Consider, for example, the claim that tax cuts pay for themselves. In 1980 George H.W. Bush, running against Ronald Reagan for the Republican presidential nomination, called that assertion “voodoo economic policy.” Everything we’ve seen since then says that he was right. But Bush soon climbed down, and by 2017 even supposed “moderates” like Susan Collins accepted claims that the Trump tax cut would reduce, not increase, the budget deficit. (It increased the deficit.)

Or consider climate change. As recently as 2008 John McCain campaigned for president in part on a proposal to put a cap on U.S. greenhouse gas emissions. But at this point Republicans in Congress are united in their opposition to any substantive action to limit global warming, with 30 G.O.P. senators outright denying the overwhelming scientific evidence that human activities are causing climate change.

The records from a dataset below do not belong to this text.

lemma set_plus_ambient: "U \<subseteq> ambient n \<Longrightarrow> V \<subseteq> ambient n \<Longrightarrow> U + V \<subseteq> ambient n"
  by (force simp: set_plus_def ambient_def)

lemma card_set_plus_mult_card_inter:
  fixes U V :: "(nat \<Rightarrow> 'a::field) set"
  assumes U: "fv.subspace U" "finite U" and V: "fv.subspace V" "finite V"
  shows "card (U + V) * card (U \<inter> V) = card U * card V"
proof -
  define F where "F w = {p \<in> U \<times> V. fst p + snd p = w}" for w
  have UV: "U \<times> V = (\<Union>w\<in>U + V. F w)"
    unfolding F_def set_plus_def by auto blast
  have card_fibre: "card (F w) = card (U \<inter> V)" if w_in: "w \<in> U + V" for w
  proof -
    obtain u0 v0 where u0: "u0 \<in> U" and v0: "v0 \<in> V" and w: "w = u0 + v0"
      using w_in by (auto elim: set_plus_elim)
    let ?h = "\<lambda>z. (u0 + z, v0 - z)"
    have "F w = ?h ` (U \<inter> V)"
    proof (intro equalityI subsetI)
      fix p assume p: "p \<in> F w"
      obtain a b where ab: "p = (a, b)" by (cases p)
      have a: "a \<in> U" and b: "b \<in> V" and e: "a + b = u0 + v0" using p ab w by (auto simp: F_def)
      have "a - u0 = v0 - b" using e by (simp add: algebra_simps)
      moreover have "a - u0 \<in> U" "v0 - b \<in> V" using a b u0 v0 U V by (simp_all add: fv.subspace_diff)
      moreover have "p = ?h (a - u0)" using ab \<open>a - u0 = v0 - b\<close> by (simp add: algebra_simps)
      ultimately show "p \<in> ?h ` (U \<inter> V)" by auto
    next
      fix p assume "p \<in> ?h ` (U \<inter> V)"
      then show "p \<in> F w" using u0 v0 w U V by (auto simp: F_def fv.subspace_add fv.subspace_diff)
    qed
    moreover have "inj_on ?h (U \<inter> V)" by (rule inj_onI) simp
    ultimately show ?thesis by (simp add: card_image)
  qed
  have "card (U \<times> V) = (\<Sum>w\<in>U + V. card (F w))"
    unfolding UV using U V by (intro card_UN_disjoint) (auto simp: F_def finite_set_plus)
  also have "\<dots> = card (U + V) * card (U \<inter> V)" using card_fibre by simp
  finally show ?thesis by (simp add: card_cartesian_product)
qed

lemma dim_set_plus_inter:
  fixes U V :: "(nat \<Rightarrow> 'a::{field,finite}) set"
  assumes U: "fv.subspace U" "finite U" and V: "fv.subspace V" "finite V"
  shows "fv.dim (U + V) + fv.dim (U \<inter> V) = fv.dim U + fv.dim V"
proof -
  have "fv.subspace (U + V)" "finite (U + V)" "fv.subspace (U \<inter> V)" "finite (U \<inter> V)"
    using U V by (simp_all add: subspace_set_plus finite_set_plus fv.subspace_inter)
  then have "card (UNIV::'a set) ^ (fv.dim (U + V) + fv.dim (U \<inter> V))
      = card (UNIV::'a set) ^ (fv.dim U + fv.dim V)"
    using card_set_plus_mult_card_inter[OF U V] U V by (simp add: card_subspace power_add)
  then show ?thesis by (rule power_card_UNIV_field_inject)
qed

lemma subspace_between:
  fixes X Y :: "(nat \<Rightarrow> 'a::{field,finite}) set"
  assumes X: "fv.subspace X" and Y: "fv.subspace Y" "finite Y" and "X \<subseteq> Y"
    and k: "fv.dim X \<le> k" "k \<le> fv.dim Y"
  obtains Z where "fv.subspace Z" "X \<subseteq> Z" "Z \<subseteq> Y" "fv.dim Z = k"
proof -
  obtain BX where BX: "BX \<subseteq> X" "finite BX" "fv.independent BX" "fv.span BX = X" "card BX = fv.dim X"
    using subspace_obtain_basis[OF X] Y \<open>X \<subseteq> Y\<close> finite_subset by metis
  obtain BY where BY: "BX \<subseteq> BY" "BY \<subseteq> Y" "fv.independent BY" "Y \<subseteq> fv.span BY"
    using fv.maximal_independent_subset_extend[of BX Y] BX \<open>X \<subseteq> Y\<close> by blast
  have "finite BY" using BY Y finite_subset by blast
  have "fv.span BY = Y" using BY Y by (meson fv.span_minimal subset_antisym)
  then have "card BY = fv.dim Y" using fv.dim_span_eq_card_independent[OF BY(3)] by simp
  then have "k - card BX \<le> card (BY - BX)" using BX BY(1) k \<open>finite BY\<close> by (simp add: card_Diff_subset)
  then obtain T where T: "T \<subseteq> BY - BX" "card T = k - card BX"
    using obtain_subset_with_card_n by metis
  have "finite T" using T \<open>finite BY\<close> finite_subset by blast
  then have card_S: "card (BX \<union> T) = k" using T BX k by (subst card_Un_disjoint) auto
  have "fv.independent (BX \<union> T)" using fv.independent_mono[OF BY(3)] T BY by blast
  show ?thesis
  proof (rule that[of "fv.span (BX \<union> T)"])
    show "X \<subseteq> fv.span (BX \<union> T)" using BX fv.span_mono[of BX "BX \<union> T"] by auto
    show "fv.span (BX \<union> T) \<subseteq> Y" using BY T Y by (intro fv.span_minimal) auto
    show "fv.dim (fv.span (BX \<union> T)) = k"
      using fv.dim_span_eq_card_independent[OF \<open>fv.independent (BX \<union> T)\<close>] card_S by simp
  qed simp
qed

lemma Er_D:
  fixes U :: "(nat \<Rightarrow> 'a::{field,finite}) set"
  assumes "U \<in> Er n r"
  shows "fv.subspace U" "finite U" "U \<subseteq> ambient n" "fv.dim U = r"
  using assms finite_subset[OF _ finite_ambient] by (auto simp: Er_def)

lemma finite_Er: "finite (Er n r :: (nat \<Rightarrow> 'a::{field,finite}) set set)"
  by (rule finite_subset[of _ "Pow (ambient n)"]) (auto simp: Er_def finite_ambient)

lemma Er_mono: "m \<le> n \<Longrightarrow> Er m r \<subseteq> Er n r"
  using ambient_mono by (auto simp: Er_def)

lemma ambient_in_Er: "r \<le> n \<Longrightarrow> (ambient r :: (nat \<Rightarrow> 'a::{field,finite}) set) \<in> Er n r"
  by (simp add: Er_def subspace_ambient ambient_mono dim_ambient)

lemma Er_obtain_subspace:
  fixes U :: "(nat \<Rightarrow> 'a::{field,finite}) set"
  assumes "U \<in> Er n r" "k \<le> r"
  obtains W where "W \<in> Er n k" "W \<subseteq> U"
proof -
  note U = Er_D[OF assms(1)]
  have "fv.dim (fv.span {} :: (nat \<Rightarrow> 'a) set) = 0"
    using fv.dim_span_eq_card_independent[OF fv.independent_empty] by simp
  moreover have "fv.span {} \<subseteq> U" using U(1) fv.span_minimal[of "{}" U] by blast
  ultimately obtain W where "fv.subspace W" "W \<subseteq> U" "fv.dim W = k"
    using subspace_between[OF fv.subspace_span U(1,2)] U(4) assms(2) by (metis le0)
  then show ?thesis using that U(3) by (auto simp: Er_def)
qed

lemma Er_obtain_superspace:
  fixes U :: "(nat \<Rightarrow> 'a::{field,finite}) set"
  assumes "U \<in> Er n r" "r \<le> k" "k \<le> n"
  obtains W where "W \<in> Er n k" "U \<subseteq> W"
proof -
  note U = Er_D[OF assms(1)]
  obtain W where "fv.subspace W" "U \<subseteq> W" "W \<subseteq> ambient n" "fv.dim W = k"
    using subspace_between[OF U(1) subspace_ambient finite_ambient U(3)] dim_ambient U(4) assms(2,3)
    by metis
  then show ?thesis using that by (auto simp: Er_def)
qed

The falsehoods that are poisoning America’s politics tend to share similar life histories. They begin in cynicism, spread through disinformation and culminate in capitulation, as Republicans who know the truth decide to acquiesce in lies.

Flexibility is the first principle of politics,” Richard Nixon once told a new staffer.

Whether the Big Lie or small ones of the kind spread via Facebook or a blizzard of Donald Trump’s spread “without corrections or fact checks” via the Wall Street Journal, lies told repeatedly and with apparent conviction are good enough for the ne’er-do-well heirs of the Enlightenment in the Cult of Trump. And more useful even than flexibility for advancing a program of political sabotage that affects the death of their own supporters.

And true to form, elected Republicans like Governor Ivey who initially spoke in favor of vaccines have folded and surrendered to the extremists, even though they must know that in so doing they will cause many deaths.

I’m not sure exactly why cowardice has become the norm among elected Republicans who aren’t dedicated extremists. But if you want to understand how the G.O.P. became such a threat to everything America should stand for, the cowards are at least as important a factor as the crazies.

Among the unelected are the believers lining up to drink the kool-aid and make death threats against heretics.